--- PROBLEM DESCRIPTION ---
Working through the records below, count the lines that include "lemma". The reply is that number alone.

--- DATASET ---
□ □ □
(* For every integer $n\ge 9$, $\mathrm{wdim}_4(K_n\times K_n)\le 2n+1+\lfloor n/4\rfloor$.
   Context: $K_n\times K_n$ is the direct product of two complete graphs on $n$ vertices: vertex set $[n]\times[n]$ with $[n]=\{1,\dots,n\}$, and $(i,j)$ adjacent to $(i',j')$ iff $i\ne i'$ and $j\ne j'$. For a connected graph $G$ with distance $d_G$, vertices $x,y,z$ and $S\subseteq V(G)$, let $\Delta_z(x,y)=|d_G(x,z)-d_G(y,z)|$ and $\Delta_S(x,y)=\sum_{z\in S}\Delta_z(x,y)$. A set $S$ is a weak $k$-resolving set if $\Delta_S(x,y)\ge k$ for all distinct $x,y\in V(G)$, and $\mathrm{wdim}_k(G)$ is the minimum cardinality of a weak $k$-resolving set of $G$. *)

theory Defs
  imports Main
begin

text \<open>A graph is given by a vertex set V and an adjacency relation E.
  The distance is the length of a shortest walk inside V (the graphs used
  here are connected, so the LEAST exists).\<close>

definition adjV :: "'a set \<Rightarrow> ('a \<Rightarrow> 'a \<Rightarrow> bool) \<Rightarrow> 'a \<Rightarrow> 'a \<Rightarrow> bool" where
  "adjV V E x y \<longleftrightarrow> x \<in> V \<and> y \<in> V \<and> E x y"

definition gdist :: "'a set \<Rightarrow> ('a \<Rightarrow> 'a \<Rightarrow> bool) \<Rightarrow> 'a \<Rightarrow> 'a \<Rightarrow> nat" where
  "gdist V E x y = (LEAST k. ((adjV V E) ^^ k) x y)"
(* Let $x,y\ge 0$, not both zero, and $z>0$ (the approximation is intended for the regime $x,y\ll z$). Let $a=(x+y)/2$ and $g=\sqrt{xy}$. Then $$R_D(x,y,z)=\frac{3}{2z^{3/2}}\left(\ln\frac{8z}{a+g}-2+\frac{\theta}{z}\ln\frac{2z}{a+g}\right),$$ where $\frac{g}{1-g/z}<\theta<\frac{3a}{2(1-a/z)}$.
   Context: For $x,y\ge0$ not both zero and $z>0$: $R_D(x,y,z)=\frac32\int_0^\infty[(t+x)(t+y)]^{-1/2}(t+z)^{-3/2}\,dt$. *)

theory Defs
  imports "HOL-Analysis.Analysis"
begin

definition carlson_RD :: "real \<Rightarrow> real \<Rightarrow> real \<Rightarrow> real" where
  "carlson_RD x y z =
     3 / 2 * integral {0..} (\<lambda>t. 1 / sqrt ((t + x) * (t + y)) * (t + z) powr (-3/2))"

end

theory Submission
  imports Defs "HOL-Real_Asymp.Real_Asymp"
begin

text \<open>
  Substitute u = ((sqrt (t + x) + sqrt (t + y)) / 2)^2. Then du/dt = u / sqrt ((t + x) (t + y)) and
  t + c \<le> u \<le> t + a with c = (a + g) / 2, so replacing t + z by u + (z - c) resp. u + (z - a)
  bounds the integrand of R_D from below resp. above by integrands that become
  du / (u (u + B)^(3/2)). These integrate in closed form: from u = s to infinity the integral is
  2 (artanh k - k) / B^(3/2) with k = sqrt (B / (s + B)). For B = z - c and s = c this is
  evaluated at once; for B = z - a the lower limit c is first moved to a at the cost of a
  multiple of ln (a / c). The stated range of \<theta> then follows from two estimates of
  artanh k - k on (0, 1), both sharp at k = 0 and as k \<rightarrow> 1: in each the difference of the two
  sides vanishes at both ends and its derivative changes sign only once.
\<close>

lemma powr_three_halves: "0 < v \<Longrightarrow> v powr (3/2) = v * sqrt (v::real)"
  by (simp add: powr_add[of v 1 "1/2", simplified] powr_half_sqrt)

lemma has_integral_Ioi_of_nonneg_deriv:
  fixes F f :: "real \<Rightarrow> real"
  assumes deriv: "\<And>t. a < t \<Longrightarrow> (F has_real_derivative f t) (at t)"
    and cont: "\<And>t. a < t \<Longrightarrow> isCont f t"
    and nonneg: "\<And>t. a < t \<Longrightarrow> 0 \<le> f t"
    and lim_a: "(F \<longlongrightarrow> A) (at_right a)" and lim_top: "(F \<longlongrightarrow> B) at_top"
  shows "(f has_integral (B - A)) {a<..}"
proof -
  have A: "((F \<circ> real_of_ereal) \<longlongrightarrow> A) (at_right (ereal a))"
    using lim_a by (simp add: ereal_tendsto_simps1)
  have B: "((F \<circ> real_of_ereal) \<longlongrightarrow> B) (at_left \<infinity>)"
    using lim_top by (simp add: ereal_tendsto_simps1)
  have "set_integrable lborel (einterval a \<infinity>) f" "(LBINT t=ereal a..\<infinity>. f t) = B - A"
    by (rule interval_integral_FTC_nonneg[OF _ _ _ _ A B]; use deriv cont nonneg in auto)+
  then have "set_integrable lborel {a<..} f" "(LINT t : {a<..} | lborel. f t) = B - A"
    by (simp_all add: interval_lebesgue_integral_def)
  then show ?thesis
    using set_borel_integral_eq_integral by (metis integrable_integral)
qed

lemma neg_after_nonpos_of_deriv_sign_change:
  fixes w w' :: "real \<Rightarrow> real"
  assumes cont: "\<And>t. a \<le> t \<Longrightarrow> t < b \<Longrightarrow> isCont w t" and "w a = 0"
    and der: "\<And>t. a < t \<Longrightarrow> t < b \<Longrightarrow> (w has_real_derivative w' t) (at t)"
    and pos: "\<And>t. a < t \<Longrightarrow> t < m \<Longrightarrow> 0 < w' t"
    and neg: "\<And>t. m < t \<Longrightarrow> t < b \<Longrightarrow> w' t < 0"
    and pq: "a < p" "p < q" "q < b" and "w p \<le> 0"
  shows "w q < 0"
proof (cases "p \<le> m")
  case True
  have "w a < w p"
  proof (rule DERIV_pos_imp_increasing_open[OF pq(1)])
    fix t assume "a < t" "t < p"
    with der[of t] pos[of t] True pq show "\<exists>y. DERIV w t :> y \<and> 0 < y" by auto
  next
    show "continuous_on {a..p} w"
      by (intro continuous_at_imp_continuous_on ballI cont) (use pq in auto)
  qed
  with assms show ?thesis by simp
next
  case False
  have "w q < w p"
  proof (rule DERIV_neg_imp_decreasing_open[OF pq(2)])
    fix t assume "p < t" "t < q"
    with der[of t] neg[of t] False pq show "\<exists>y. DERIV w t :> y \<and> y < 0" by auto
  next
    show "continuous_on {p..q} w"
      by (intro continuous_at_imp_continuous_on ballI cont) (use pq in auto)
  qed
  with assms show ?thesis by simp
qed

lemma pos_between_zeros_of_deriv_sign_change:
  fixes f d :: "real \<Rightarrow> real"
  assumes cont: "\<And>t. a \<le> t \<Longrightarrow> t < b \<Longrightarrow> isCont f t"
    and "f a = 0" and lim: "(f \<longlongrightarrow> 0) (at_left b)"
    and der: "\<And>t. a < t \<Longrightarrow> t < b \<Longrightarrow> (f has_real_derivative d t) (at t)"
    and sign: "\<And>s t. a < s \<Longrightarrow> s < t \<Longrightarrow> t < b \<Longrightarrow> d s \<le> 0 \<Longrightarrow> d t < 0"
    and k: "a < k" "k < b"
  shows "0 < f k"
proof (cases "0 \<le> d k")
  case True
  have "f a < f k"
  proof (rule DERIV_pos_imp_increasing_open[OF k(1)])
    fix t assume t: "a < t" "t < k"
    with sign[of t k] True k have "0 < d t" by force
    with der t k show "\<exists>y. DERIV f t :> y \<and> 0 < y" by force
  next
    show "continuous_on {a..k} f"
      by (intro continuous_at_imp_continuous_on ballI cont) (use k in auto)
  qed
  with assms show ?thesis by simp
next
  case False
  have decreasing: "f t < f s" if "k \<le> s" "s < t" "t < b" for s t
  proof (rule DERIV_neg_imp_decreasing_open[OF that(2)])
    fix u assume "s < u" "u < t"
    with der sign[of k u] False k that show "\<exists>y. DERIV f u :> y \<and> y < 0" by force
  next
    show "continuous_on {s..t} f"
      by (intro continuous_at_imp_continuous_on ballI cont) (use k that in auto)
  qed
  define k' where "k' = (k + b) / 2"
  have k': "k < k'" "k' < b" using k by (auto simp: k'_def)
  have "0 \<le> f k'"
  proof (rule tendsto_upperbound[OF lim])
    show "\<forall>\<^sub>F t in at_left b. f t \<le> f k'"
      by (rule eventually_at_leftI[OF _ k'(2)])
        (use decreasing[of k'] k' in \<open>auto intro: less_imp_le\<close>)
  qed simp
  with decreasing[of k k'] k' show ?thesis by simp
qed

lemma ln_one_minus_add_linear_sign_change:
  fixes \<beta> :: real
  assumes "1 < \<beta>" "0 < s" "s < t" "t < 1" "ln (1 - s) + \<beta> * s \<le> 0"
  shows "ln (1 - t) + \<beta> * t < 0"
proof (rule neg_after_nonpos_of_deriv_sign_change[where w = "\<lambda>m. ln (1 - m) + \<beta> * m"
      and w' = "\<lambda>m. \<beta> - 1 / (1 - m)" and a = 0 and b = 1 and m = "1 - 1 / \<beta>"])
  show "isCont (\<lambda>m. ln (1 - m) + \<beta> * m) m" if "0 \<le> m" "m < 1" for m
    using that by (intro continuous_intros) auto
  show "((\<lambda>m. ln (1 - m) + \<beta> * m) has_real_derivative \<beta> - 1 / (1 - m)) (at m)"
    if "0 < m" "m < 1" for m
    using that by (auto intro!: derivative_eq_intros simp: field_simps)
  show "0 < \<beta> - 1 / (1 - m)" if "0 < m" "m < 1 - 1 / \<beta>" for m
  proof -
    have "0 < 1 / \<beta>" using \<open>1 < \<beta>\<close> by simp
    with that have "0 < 1 - m" by linarith
    with that \<open>1 < \<beta>\<close> show ?thesis by (simp add: field_simps)
  qed
  show "\<beta> - 1 / (1 - m) < 0" if "1 - 1 / \<beta> < m" "m < 1" for m
    using that \<open>1 < \<beta>\<close> by (simp add: field_simps)
qed (use assms in auto)
text \<open>Elements of tensor products are
  represented by finite lists of simple tensors (finite sums). Two such lists denote the
  same tensor iff they cannot be separated by products of linear functionals, which over a
  field is exactly equality in the algebraic tensor product.\<close>

record ('k, 'a) hopf =
  hscale :: "'k \<Rightarrow> 'a \<Rightarrow> 'a"
  hmult :: "'a \<Rightarrow> 'a \<Rightarrow> 'a"
  hunit :: 'a
  hcomult :: "'a \<Rightarrow> ('a \<times> 'a) list"
  hcounit :: "'a \<Rightarrow> 'k"
  hantipode :: "'a \<Rightarrow> 'a"

definition lin_functional :: "('k::field \<Rightarrow> 'a::ab_group_add \<Rightarrow> 'a) \<Rightarrow> ('a \<Rightarrow> 'k) \<Rightarrow> bool" where
  "lin_functional s \<phi> \<longleftrightarrow> Vector_Spaces.linear s (*) \<phi>"

definition teq2 :: "('k::field \<Rightarrow> 'a::ab_group_add \<Rightarrow> 'a) \<Rightarrow> ('k \<Rightarrow> 'b::ab_group_add \<Rightarrow> 'b)
    \<Rightarrow> ('a \<times> 'b) list \<Rightarrow> ('a \<times> 'b) list \<Rightarrow> bool" where
  "teq2 sa sb xs ys \<longleftrightarrow>
     (\<forall>\<phi> \<psi>. lin_functional sa \<phi> \<and> lin_functional sb \<psi> \<longrightarrow>
        (\<Sum>(a, b) \<leftarrow> xs. \<phi> a * \<psi> b) = (\<Sum>(a, b) \<leftarrow> ys. \<phi> a * \<psi> b))"

definition teq3 :: "('k::field \<Rightarrow> 'a::ab_group_add \<Rightarrow> 'a)
    \<Rightarrow> ('a \<times> 'a \<times> 'a) list \<Rightarrow> ('a \<times> 'a \<times> 'a) list \<Rightarrow> bool" where
  "teq3 s xs ys \<longleftrightarrow>
     (\<forall>\<phi> \<psi> \<chi>. lin_functional s \<phi> \<and> lin_functional s \<psi> \<and> lin_functional s \<chi> \<longrightarrow>
        (\<Sum>(a, b, c) \<leftarrow> xs. \<phi> a * \<psi> b * \<chi> c) = (\<Sum>(a, b, c) \<leftarrow> ys. \<phi> a * \<psi> b * \<chi> c))"

definition bilinear_map :: "('k::field \<Rightarrow> 'a::ab_group_add \<Rightarrow> 'a) \<Rightarrow> ('k \<Rightarrow> 'b::ab_group_add \<Rightarrow> 'b)
    \<Rightarrow> ('k \<Rightarrow> 'c::ab_group_add \<Rightarrow> 'c) \<Rightarrow> ('a \<Rightarrow> 'b \<Rightarrow> 'c) \<Rightarrow> bool" where
  "bilinear_map sa sb sc f \<longleftrightarrow>
     (\<forall>b. Vector_Spaces.linear sa sc (\<lambda>a. f a b)) \<and> (\<forall>a. Vector_Spaces.linear sb sc (\<lambda>b. f a b))"

definition cc_hopf :: "('k::field, 'a::ab_group_add) hopf \<Rightarrow> bool" where
  "cc_hopf H \<longleftrightarrow>
     (let s = hscale H; mul = hmult H; u = hunit H; \<Delta> = hcomult H;
          \<epsilon> = hcounit H; S = hantipode H in
       vector_space s
     \<comment> \<open>unital associative K-algebra\<close>
     \<and> bilinear_map s s s mul
     \<and> (\<forall>x y z. mul (mul x y) z = mul x (mul y z))
     \<and> (\<forall>x. mul u x = x \<and> mul x u = x)
     \<comment> \<open>coassociative counital K-coalgebra\<close>
     \<and> (\<forall>x y. teq2 s s (\<Delta> (x + y)) (\<Delta> x @ \<Delta> y))
     \<and> (\<forall>c x. teq2 s s (\<Delta> (s c x)) (map (\<lambda>(a, b). (s c a, b)) (\<Delta> x)))
     \<and> (\<forall>x. teq3 s [(a, b1, b2). (a, b) \<leftarrow> \<Delta> x, (b1, b2) \<leftarrow> \<Delta> b]
                    [(a1, a2, b). (a, b) \<leftarrow> \<Delta> x, (a1, a2) \<leftarrow> \<Delta> a])
     \<and> lin_functional s \<epsilon>
     \<and> (\<forall>x. (\<Sum>(a, b) \<leftarrow> \<Delta> x. s (\<epsilon> a) b) = x \<and> (\<Sum>(a, b) \<leftarrow> \<Delta> x. s (\<epsilon> b) a) = x)
     \<comment> \<open>bialgebra compatibility\<close>
     \<and> (\<forall>x y. teq2 s s (\<Delta> (mul x y)) [(mul a c, mul b d). (a, b) \<leftarrow> \<Delta> x, (c, d) \<leftarrow> \<Delta> y])
     \<and> teq2 s s (\<Delta> u) [(u, u)]
     \<and> (\<forall>x y. \<epsilon> (mul x y) = \<epsilon> x * \<epsilon> y)
     \<and> \<epsilon> u = 1
     \<comment> \<open>antipode\<close>
     \<and> Vector_Spaces.linear s s S
     \<and> (\<forall>x. (\<Sum>(a, b) \<leftarrow> \<Delta> x. mul a (S b)) = s (\<epsilon> x) u
           \<and> (\<Sum>(a, b) \<leftarrow> \<Delta> x. mul (S a) b) = s (\<epsilon> x) u)
     \<comment> \<open>cocommutativity\<close>
     \<and> (\<forall>x. teq2 s s (\<Delta> x) (map (\<lambda>(a, b). (b, a)) (\<Delta> x))))"

definition hopf_morphism :: "('k::field, 'a::ab_group_add) hopf \<Rightarrow> ('k, 'b::ab_group_add) hopf
    \<Rightarrow> ('a \<Rightarrow> 'b) \<Rightarrow> bool" where
  "hopf_morphism A B f \<longleftrightarrow>
     Vector_Spaces.linear (hscale A) (hscale B) f
     \<and> (\<forall>x y. f (hmult A x y) = hmult B (f x) (f y))
     \<and> f (hunit A) = hunit B
     \<and> (\<forall>x. teq2 (hscale B) (hscale B) (hcomult B (f x)) (map (\<lambda>(a, b). (f a, f b)) (hcomult A x)))
     \<and> (\<forall>x. hcounit B (f x) = hcounit A x)"

definition module_hopf :: "('k::field, 'b::ab_group_add) hopf \<Rightarrow> ('k, 'x::ab_group_add) hopf
    \<Rightarrow> ('b \<Rightarrow> 'x \<Rightarrow> 'x) \<Rightarrow> bool" where
  "module_hopf B X act \<longleftrightarrow>
     bilinear_map (hscale B) (hscale X) (hscale X) act
     \<and> (\<forall>b b' x. act (hmult B b b') x = act b (act b' x))
     \<and> (\<forall>x. act (hunit B) x = x)
     \<and> (\<forall>b x y. act b (hmult X x y) = (\<Sum>(b1, b2) \<leftarrow> hcomult B b. hmult X (act b1 x) (act b2 y)))
     \<and> (\<forall>b. act b (hunit X) = hscale X (hcounit B b) (hunit X))
     \<and> (\<forall>b x. teq2 (hscale X) (hscale X) (hcomult X (act b x))
                [(act b1 x1, act b2 x2). (b1, b2) \<leftarrow> hcomult B b, (x1, x2) \<leftarrow> hcomult X x])
     \<and> (\<forall>b x. hcounit X (act b x) = hcounit B b * hcounit X x)"

definition hopf_crossed_module :: "('k::field, 'b::ab_group_add) hopf \<Rightarrow> ('k, 'x::ab_group_add) hopf
    \<Rightarrow> ('b \<Rightarrow> 'x \<Rightarrow> 'x) \<Rightarrow> ('x \<Rightarrow> 'b) \<Rightarrow> bool" where
  "hopf_crossed_module B X act d \<longleftrightarrow>
     module_hopf B X act \<and> hopf_morphism X B d
     \<and> (\<forall>b x. d (act b x) = (\<Sum>(b1, b2) \<leftarrow> hcomult B b. hmult B (hmult B b1 (d x)) (hantipode B b2)))
     \<and> (\<forall>y x. act (d y) x = (\<Sum>(y1, y2) \<leftarrow> hcomult X y. hmult X (hmult X y1 x) (hantipode X y2)))"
□ □ □
--- COMPLETED EXERCISE ---
5